On Mon, Mar 18, 2019 at 12:53 PM Alexander Korotkov
<a.korotkov@postgrespro.ru> wrote:

I've discovered bug, when vacuum full fails with error, because it
couldn't find toast chunks deleted by itself. That happens because
cluster_rel() sets OldestXmin, but toast accesses gets snapshot later
and independently. That causes heap_page_prune_opt() to clean chunks,
which rebuild_relation() expects to exist. This bug very rarely
happens on busy systems which actively update toast values. But I
found way to reliably reproduce it using debugger.

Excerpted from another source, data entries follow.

(* Let $\mathbf{W}=\langle W;\to,\neg,{}^{+},{}^{-},1\rangle$ be a quasi-Wajsberg* algebra and $0:=1\to 1$. Then for any $x,y\in W$: (1) $0\to(\neg x)^{+}=0\to\neg x^{-}$ and $0\to(\neg x)^{-}=0\to\neg x^{+}$; (2) $0\to x^{+-}=0=0\to x^{-+}$; (3) $0\to x^{++}=0\to x^{+}$ and $0\to x^{--}=0\to x^{-}$; (4) $(\neg x)^{+}\to y=\neg x^{-}\to y$, $x\to(\neg y)^{+}=x\to\neg y^{-}$, $(\neg x)^{-}\to y=\neg x^{+}\to y$ and $x\to(\neg y)^{-}=x\to\neg y^{+}$; (5) $x^{+-}\to y=0\to y=x^{-+}\to y$ and $x\to y^{+-}=x\to 0=x\to y^{-+}$; (6) $x^{++}\to y=x^{+}\to y$, $x\to y^{++}=x\to y^{+}$, $x^{--}\to y=x^{-}\to y$ and $x\to y^{--}=x\to y^{-}$.
   Context: A quasi-Wajsberg* algebra is an algebra $\langle W;\to,\neg,{}^{+},{}^{-},1\rangle$ of type $\langle2,1,1,1,0\rangle$ such that for all $x,y,z\in W$: (QW*1) $x\to y=\neg y\to\neg x$; (QW*2) $(x\to 1)\to((y\to 1)\to z)=(y\to 1)\to((x\to 1)\to z)$; (QW*3) $(1\to x)\to 1=1$; (QW*4) $(z\to z)\to(x\to y)=x\to y$; (QW*5) $(1\to 1)\to x^{+}=((1\to 1)\to x)^{+}=(x\to 1)\to 1$ and $(1\to 1)\to x^{-}=((1\to 1)\to x)^{-}=(x\to\neg 1)\to\neg 1$; (QW*6) $x\to y=(y^{+}\to x^{-})\to(x^{+}\to y^{-})$; (QW*7) $\neg(x\to y)=y\to x$; (QW*8) $\neg\neg x=x$; (QW*9) $(x\to(\neg x\to y))^{+}=x^{+}\to(\neg x^{+}\to y^{+})$; (QW*10) $x\vee y=y\vee x$; (QW*11) $x\vee(y\vee z)=(x\vee y)\vee z$; (QW*12) $x\to(y\vee z)=(x\to y)\vee(x\to z)$; where $x\vee y:=((x^{+}\to y^{+})^{+}\to(\neg x)^{-})\to((y^{-}\to x^{-})^{-}\to x^{-})$. Conventions: ${}^+,{}^-$ bind tighter than $\neg$, which binds tighter than $\to$ (so $\neg x^{-}$ means $\neg(x^{-})$); $x^{+-}$ means $(x^{+})^{-}$, etc. *)

theory Defs
  imports Main
begin

text \<open>Quasi-Wajsberg* algebra on the whole type 'a (carrier = UNIV).
  imp = \<open>\<to>\<close>, neg = \<open>\<not>\<close>, pl = \<open>+\<close>, mi = \<open>-\<close>, one = 1.\<close>

definition qw_join :: "('a \<Rightarrow> 'a \<Rightarrow> 'a) \<Rightarrow> ('a \<Rightarrow> 'a) \<Rightarrow> ('a \<Rightarrow> 'a) \<Rightarrow> ('a \<Rightarrow> 'a) \<Rightarrow> 'a \<Rightarrow> 'a \<Rightarrow> 'a" where
  "qw_join imp neg pl mi x y =
     imp (imp (pl (imp (pl x) (pl y))) (mi (neg x)))
         (imp (mi (imp (mi y) (mi x))) (mi x))"

definition quasi_wajsberg_star ::
  "('a \<Rightarrow> 'a \<Rightarrow> 'a) \<Rightarrow> ('a \<Rightarrow> 'a) \<Rightarrow> ('a \<Rightarrow> 'a) \<Rightarrow> ('a \<Rightarrow> 'a) \<Rightarrow> 'a \<Rightarrow> bool" where
  "quasi_wajsberg_star imp neg pl mi one \<longleftrightarrow>
     (\<forall>x y. imp x y = imp (neg y) (neg x)) \<and>
     (\<forall>x y z. imp (imp x one) (imp (imp y one) z) = imp (imp y one) (imp (imp x one) z)) \<and>
     (\<forall>x. imp (imp one x) one = one) \<and>
     (\<forall>x y z. imp (imp z z) (imp x y) = imp x y) \<and>
     (\<forall>x. imp (imp one one) (pl x) = pl (imp (imp one one) x) \<and>
          pl (imp (imp one one) x) = imp (imp x one) one) \<and>
     (\<forall>x. imp (imp one one) (mi x) = mi (imp (imp one one) x) \<and>
          mi (imp (imp one one) x) = imp (imp x (neg one)) (neg one)) \<and>
     (\<forall>x y. imp x y = imp (imp (pl y) (mi x)) (imp (pl x) (mi y))) \<and>
     (\<forall>x y. neg (imp x y) = imp y x) \<and>
     (\<forall>x. neg (neg x) = x) \<and>
     (\<forall>x y. pl (imp x (imp (neg x) y)) = imp (pl x) (imp (neg (pl x)) (pl y))) \<and>
     (\<forall>x y. qw_join imp neg pl mi x y = qw_join imp neg pl mi y x) \<and>
     (\<forall>x y z. qw_join imp neg pl mi x (qw_join imp neg pl mi y z) =
              qw_join imp neg pl mi (qw_join imp neg pl mi x y) z) \<and>
     (\<forall>x y z. imp x (qw_join imp neg pl mi y z) =
              qw_join imp neg pl mi (imp x y) (imp x z))"

end

theory Submission
  imports Defs
begin

text \<open>By (QW*5), \<open>0 \<rightarrow> _\<close> commutes with \<open>\<^sup>+\<close> and \<open>\<^sup>-\<close> and evaluates
  them as \<open>(x \<rightarrow> 1) \<rightarrow> 1\<close> and \<open>(x \<rightarrow> \<not>1) \<rightarrow> \<not>1\<close>; together with contraposition and
  \<open>\<not>\<not>x = x\<close> this yields (1) and (2).  Instantiating (QW*6) at \<open>0\<close> gives
  \<open>0 \<rightarrow> x = (x\<^sup>+ \<rightarrow> 0) \<rightarrow> (0 \<rightarrow> x\<^sup>-)\<close>, which turns (2) into (3).  Items (4)--(6) follow
  because \<open>0 \<rightarrow> _\<close> is absorbed on both sides of an implication: \<open>x \<rightarrow> (0 \<rightarrow> y) = x \<rightarrow> y\<close>
  since \<open>y \<or> y = 0 \<rightarrow> y\<close> and \<open>\<rightarrow>\<close> distributes over \<open>\<or>\<close> (QW*12), and
  \<open>(0 \<rightarrow> x) \<rightarrow> y = x \<rightarrow> y\<close> by contraposition.\<close>

locale quasi_wajsberg_star_algebra =
  fixes imp :: "'a \<Rightarrow> 'a \<Rightarrow> 'a" (infixr \<open>\<rightarrow>\<close> 60)
    and neg pl mi :: "'a \<Rightarrow> 'a" and one :: 'a
  assumes contrapos: "x \<rightarrow> y = neg y \<rightarrow> neg x"
    and one_imp_imp_one: "(one \<rightarrow> x) \<rightarrow> one = one"
    and self_imp_imp: "(z \<rightarrow> z) \<rightarrow> (x \<rightarrow> y) = x \<rightarrow> y"
    and zero_imp_pl: "(one \<rightarrow> one) \<rightarrow> pl x = pl ((one \<rightarrow> one) \<rightarrow> x)"
    and pl_zero_imp: "pl ((one \<rightarrow> one) \<rightarrow> x) = (x \<rightarrow> one) \<rightarrow> one"
    and zero_imp_mi: "(one \<rightarrow> one) \<rightarrow> mi x = mi ((one \<rightarrow> one) \<rightarrow> x)"
    and mi_zero_imp: "mi ((one \<rightarrow> one) \<rightarrow> x) = (x \<rightarrow> neg one) \<rightarrow> neg one"
    and imp_pl_mi: "x \<rightarrow> y = (pl y \<rightarrow> mi x) \<rightarrow> (pl x \<rightarrow> mi y)"
    and neg_imp: "neg (x \<rightarrow> y) = y \<rightarrow> x"
    and neg_neg: "neg (neg x) = x"
    and imp_join: "x \<rightarrow> qw_join (\<rightarrow>) neg pl mi y z = qw_join (\<rightarrow>) neg pl mi (x \<rightarrow> y) (x \<rightarrow> z)"
begin

abbreviation zero :: 'a where
  "zero \<equiv> one \<rightarrow> one"

lemma imp_self: "x \<rightarrow> x = zero"
proof -
  have "x \<rightarrow> x = zero \<rightarrow> (x \<rightarrow> x)"
    by (rule self_imp_imp [symmetric])
  also have "\<dots> = neg ((x \<rightarrow> x) \<rightarrow> zero)"
    by (rule neg_imp [symmetric])
  also have "\<dots> = zero"
    by (simp only: self_imp_imp neg_imp)
  finally show ?thesis .
qed

lemma neg_zero: "neg zero = zero"
  by (rule neg_imp)

lemma zero_imp_one: "zero \<rightarrow> one = one"
  by (rule one_imp_imp_one)

lemma zero_imp_imp: "zero \<rightarrow> (x \<rightarrow> y) = x \<rightarrow> y"
  by (rule self_imp_imp)

lemma zero_imp_neg: "zero \<rightarrow> neg x = neg (zero \<rightarrow> x)"
  by (simp only: contrapos [of zero "neg x"] neg_neg neg_zero neg_imp)

lemma imp_zero_imp_zero: "(x \<rightarrow> zero) \<rightarrow> zero = zero \<rightarrow> x"
proof -
  have "(x \<rightarrow> zero) \<rightarrow> zero = neg (zero \<rightarrow> (x \<rightarrow> zero))"
    by (simp only: neg_imp)
  also have "\<dots> = zero \<rightarrow> x"
    by (simp only: zero_imp_imp neg_imp)
  finally show ?thesis .
qed

lemma pl_zero: "pl zero = zero"
proof -
  have "pl zero = pl (zero \<rightarrow> zero)"
    by (simp only: imp_self [of zero])
  also have "\<dots> = (zero \<rightarrow> one) \<rightarrow> one"
    by (rule pl_zero_imp)
  also have "\<dots> = zero"
    by (simp only: zero_imp_one)
  finally show ?thesis .
qed

lemma mi_zero: "mi zero = zero"
proof -
  have "mi zero = mi (zero \<rightarrow> zero)"
    by (simp only: imp_self [of zero])
  also have "\<dots> = (zero \<rightarrow> neg one) \<rightarrow> neg one"
    by (rule mi_zero_imp)
  also have "\<dots> = neg (zero \<rightarrow> one) \<rightarrow> neg one"
    by (simp only: zero_imp_neg)
  also have "\<dots> = one \<rightarrow> (zero \<rightarrow> one)"
    by (rule contrapos [symmetric])
  also have "\<dots> = zero"
    by (simp only: zero_imp_one)
  finally show ?thesis .
qed

lemma zero_imp_eq: "zero \<rightarrow> x = (pl x \<rightarrow> zero) \<rightarrow> (zero \<rightarrow> mi x)"
  using imp_pl_mi [of zero x] by (simp only: pl_zero mi_zero)

lemma zero_imp_pl_neg: "zero \<rightarrow> pl (neg x) = zero \<rightarrow> neg (mi x)"
proof -
  have "zero \<rightarrow> pl (neg x) = (neg x \<rightarrow> one) \<rightarrow> one"
    by (simp only: zero_imp_pl pl_zero_imp)
  also have "\<dots> = (neg one \<rightarrow> x) \<rightarrow> one"
    by (simp only: contrapos [of "neg x" one] neg_neg)
  also have "\<dots> = neg one \<rightarrow> (x \<rightarrow> neg one)"
    by (simp only: contrapos [of "neg one \<rightarrow> x" one] neg_imp)
  also have "\<dots> = neg (mi (zero \<rightarrow> x))"
    by (simp only: mi_zero_imp neg_imp)
  also have "\<dots> = zero \<rightarrow> neg (mi x)"
    by (simp only: zero_imp_mi zero_imp_neg)
  finally show ?thesis .
qed

lemma zero_imp_mi_neg: "zero \<rightarrow> mi (neg x) = zero \<rightarrow> neg (pl x)"
proof -
  have "zero \<rightarrow> pl x = neg (zero \<rightarrow> mi (neg x))"
    using zero_imp_pl_neg [of "neg x"] by (simp only: neg_neg zero_imp_neg)
  then show ?thesis
    by (simp only: zero_imp_neg neg_neg)
qed

lemma imp_one_imp_neg_one_imp_neg_one: "((x \<rightarrow> one) \<rightarrow> neg one) \<rightarrow> neg one = zero"
proof -
  have "(x \<rightarrow> one) \<rightarrow> neg one = one \<rightarrow> (one \<rightarrow> x)"
    by (simp only: contrapos [of "x \<rightarrow> one" "neg one"] neg_neg neg_imp)
  also have "(one \<rightarrow> (one \<rightarrow> x)) \<rightarrow> neg one = one \<rightarrow> ((one \<rightarrow> x) \<rightarrow> one)"
    by (simp only: contrapos [of "one \<rightarrow> (one \<rightarrow> x)" "neg one"] neg_neg neg_imp)
  also have "\<dots> = zero"
    by (simp only: one_imp_imp_one)
  finally show ?thesis .
qed

lemma zero_imp_mi_pl: "zero \<rightarrow> mi (pl x) = zero"
proof -
  have "zero \<rightarrow> mi (pl x) = mi (zero \<rightarrow> (zero \<rightarrow> pl x))"
    by (simp only: zero_imp_mi zero_imp_imp)
  also have "\<dots> = ((zero \<rightarrow> pl x) \<rightarrow> neg one) \<rightarrow> neg one"
    by (rule mi_zero_imp)
  also have "\<dots> = zero"
    by (simp only: zero_imp_pl pl_zero_imp imp_one_imp_neg_one_imp_neg_one)
  finally show ?thesis .
qed

lemma zero_imp_pl_mi: "zero \<rightarrow> pl (mi x) = zero"
proof -
  have "zero \<rightarrow> mi x = zero \<rightarrow> neg (pl (neg x))"
    using zero_imp_mi_neg [of "neg x"] by (simp only: neg_neg)
  then have "zero \<rightarrow> pl (mi x) = zero \<rightarrow> pl (neg (pl (neg x)))"
    by (simp only: zero_imp_pl)
  also have "\<dots> = zero \<rightarrow> neg (mi (pl (neg x)))"
    by (rule zero_imp_pl_neg)
  also have "\<dots> = zero"
    by (simp only: zero_imp_neg zero_imp_mi_pl neg_zero)
  finally show ?thesis .
qed

lemma zero_imp_pl_pl: "zero \<rightarrow> pl (pl x) = zero \<rightarrow> pl x"
proof -
  have "zero \<rightarrow> pl x = (pl (pl x) \<rightarrow> zero) \<rightarrow> zero"
    using zero_imp_eq [of "pl x"] by (simp only: zero_imp_mi_pl)
  then show ?thesis
    by (simp only: imp_zero_imp_zero)
qed

lemma zero_imp_mi_mi: "zero \<rightarrow> mi (mi x) = zero \<rightarrow> mi x"
proof -
  have "pl (mi x) \<rightarrow> zero = zero"
    using arg_cong [where f = neg, OF zero_imp_pl_mi [of x]] by (simp only: neg_imp neg_zero)
  then show ?thesis
    using zero_imp_eq [of "mi x"] by (simp only: zero_imp_imp)
qed

lemma join_self: "qw_join (\<rightarrow>) neg pl mi x x = zero \<rightarrow> x"
proof -
  have "qw_join (\<rightarrow>) neg pl mi x x = (zero \<rightarrow> mi (neg x)) \<rightarrow> (zero \<rightarrow> mi x)"
    by (simp only: qw_join_def imp_self [of "pl x"] imp_self [of "mi x"] pl_zero mi_zero)
  also have "\<dots> = (pl x \<rightarrow> zero) \<rightarrow> (zero \<rightarrow> mi x)"
    by (simp only: zero_imp_mi_neg zero_imp_neg neg_imp)
  also have "\<dots> = zero \<rightarrow> x"
    by (rule zero_imp_eq [symmetric])
  finally show ?thesis .
qed

lemma imp_zero_imp: "x \<rightarrow> (zero \<rightarrow> y) = x \<rightarrow> y"
proof -
  have "x \<rightarrow> (zero \<rightarrow> y) = x \<rightarrow> qw_join (\<rightarrow>) neg pl mi y y"
    by (simp only: join_self)
  also have "\<dots> = qw_join (\<rightarrow>) neg pl mi (x \<rightarrow> y) (x \<rightarrow> y)"
    by (rule imp_join)
  also have "\<dots> = x \<rightarrow> y"
    by (simp only: join_self zero_imp_imp)
  finally show ?thesis .
qed

lemma zero_imp_imp_left: "(zero \<rightarrow> x) \<rightarrow> y = x \<rightarrow> y"
proof -
  have "(zero \<rightarrow> x) \<rightarrow> y = neg y \<rightarrow> neg (zero \<rightarrow> x)"
    by (rule contrapos)
  also have "\<dots> = neg y \<rightarrow> neg x"
    by (simp only: zero_imp_neg [symmetric] imp_zero_imp)
  also have "\<dots> = x \<rightarrow> y"
    by (rule contrapos [symmetric])
  finally show ?thesis .
qed

lemma imp_left_cong_zero_imp:
  assumes "zero \<rightarrow> a = zero \<rightarrow> b"
  shows "a \<rightarrow> y = b \<rightarrow> y"
  by (metis assms zero_imp_imp_left)

lemma imp_right_cong_zero_imp:
  assumes "zero \<rightarrow> a = zero \<rightarrow> b"
  shows "x \<rightarrow> a = x \<rightarrow> b"
  by (metis assms imp_zero_imp)

end

theorem proposition3p4:
  fixes imp :: "'a \<Rightarrow> 'a \<Rightarrow> 'a" and neg pl mi :: "'a \<Rightarrow> 'a" and one :: 'a
  assumes "quasi_wajsberg_star imp neg pl mi one"
  defines "zero \<equiv> imp one one"
  shows
    "(\<forall>x. imp zero (pl (neg x)) = imp zero (neg (mi x)) \<and>
         imp zero (mi (neg x)) = imp zero (neg (pl x))) \<and>
     (\<forall>x. imp zero (mi (pl x)) = zero \<and> zero = imp zero (pl (mi x))) \<and>
     (\<forall>x. imp zero (pl (pl x)) = imp zero (pl x) \<and> imp zero (mi (mi x)) = imp zero (mi x)) \<and>
     (\<forall>x y. imp (pl (neg x)) y = imp (neg (mi x)) y \<and>
           imp x (pl (neg y)) = imp x (neg (mi y)) \<and>
           imp (mi (neg x)) y = imp (neg (pl x)) y \<and>
           imp x (mi (neg y)) = imp x (neg (pl y))) \<and>
     (\<forall>x y. imp (mi (pl x)) y = imp zero y \<and> imp zero y = imp (pl (mi x)) y \<and>
           imp x (mi (pl y)) = imp x zero \<and> imp x zero = imp x (pl (mi y))) \<and>
     (\<forall>x y. imp (pl (pl x)) y = imp (pl x) y \<and> imp x (pl (pl y)) = imp x (pl y) \<and>
           imp (mi (mi x)) y = imp (mi x) y \<and> imp x (mi (mi y)) = imp x (mi y))"
proof -
  interpret quasi_wajsberg_star_algebra imp neg pl mi one
    using assms(1) unfolding quasi_wajsberg_star_def
    by unfold_locales (elim conjE; metis)+
  have zero_imp_zero: "imp zero zero = zero"
    unfolding zero_def by (rule imp_self)
  have zero_laws:
    "imp zero (pl (neg x)) = imp zero (neg (mi x))"
    "imp zero (mi (neg x)) = imp zero (neg (pl x))"
    "imp zero (mi (pl x)) = zero"
    "imp zero (pl (mi x)) = zero"
    "imp zero (pl (pl x)) = imp zero (pl x)"
    "imp zero (mi (mi x)) = imp zero (mi x)" for x
    unfolding zero_def
    by (rule zero_imp_pl_neg zero_imp_mi_neg zero_imp_mi_pl zero_imp_pl_mi zero_imp_pl_pl
        zero_imp_mi_mi)+
  have imp_left_cong: "imp a y = imp b y" and imp_right_cong: "imp x a = imp x b"
    if "imp zero a = imp zero b" for a b x y
    using that imp_left_cong_zero_imp imp_right_cong_zero_imp unfolding zero_def by blast+
  show ?thesis
    by (intro conjI allI; metis imp_left_cong imp_right_cong zero_laws zero_imp_zero)
qed

end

Boy, I really feel like we've talked about this before. These are
somewhat-related discussions, but none of them are exactly the same
thing:

/messages/by-id/1335.1304187758@sss.pgh.pa.us
/messages/by-id/20362.1359747327@sss.pgh.pa.us
/messages/by-id/87in8nec96.fsf@news-spur.riddles.org.uk

I don't know whether we've actually talked about this precise problem
before and I just can't find the thread, or whether I'm confusing what
you've found here with some closely-related issue.

--
Robert Haas
EnterpriseDB: http://www.enterprisedb.com
The Enterprise PostgreSQL Company

#3Alexander Korotkov
a.korotkov@postgrespro.ru
In reply to: Robert Haas (#2)
Re: Concurrency bug with vacuum full (cluster) and toast

On Tue, Mar 19, 2019 at 6:48 PM Robert Haas <robertmhaas@gmail.com> wrote:

On Mon, Mar 18, 2019 at 12:53 PM Alexander Korotkov
<a.korotkov@postgrespro.ru> wrote:

I've discovered bug, when vacuum full fails with error, because it
couldn't find toast chunks deleted by itself. That happens because
cluster_rel() sets OldestXmin, but toast accesses gets snapshot later
and independently. That causes heap_page_prune_opt() to clean chunks,
which rebuild_relation() expects to exist. This bug very rarely
happens on busy systems which actively update toast values. But I
found way to reliably reproduce it using debugger.

Boy, I really feel like we've talked about this before. These are
somewhat-related discussions, but none of them are exactly the same
thing:

/messages/by-id/1335.1304187758@sss.pgh.pa.us
/messages/by-id/20362.1359747327@sss.pgh.pa.us
/messages/by-id/87in8nec96.fsf@news-spur.riddles.org.uk

I don't know whether we've actually talked about this precise problem
before and I just can't find the thread, or whether I'm confusing what
you've found here with some closely-related issue.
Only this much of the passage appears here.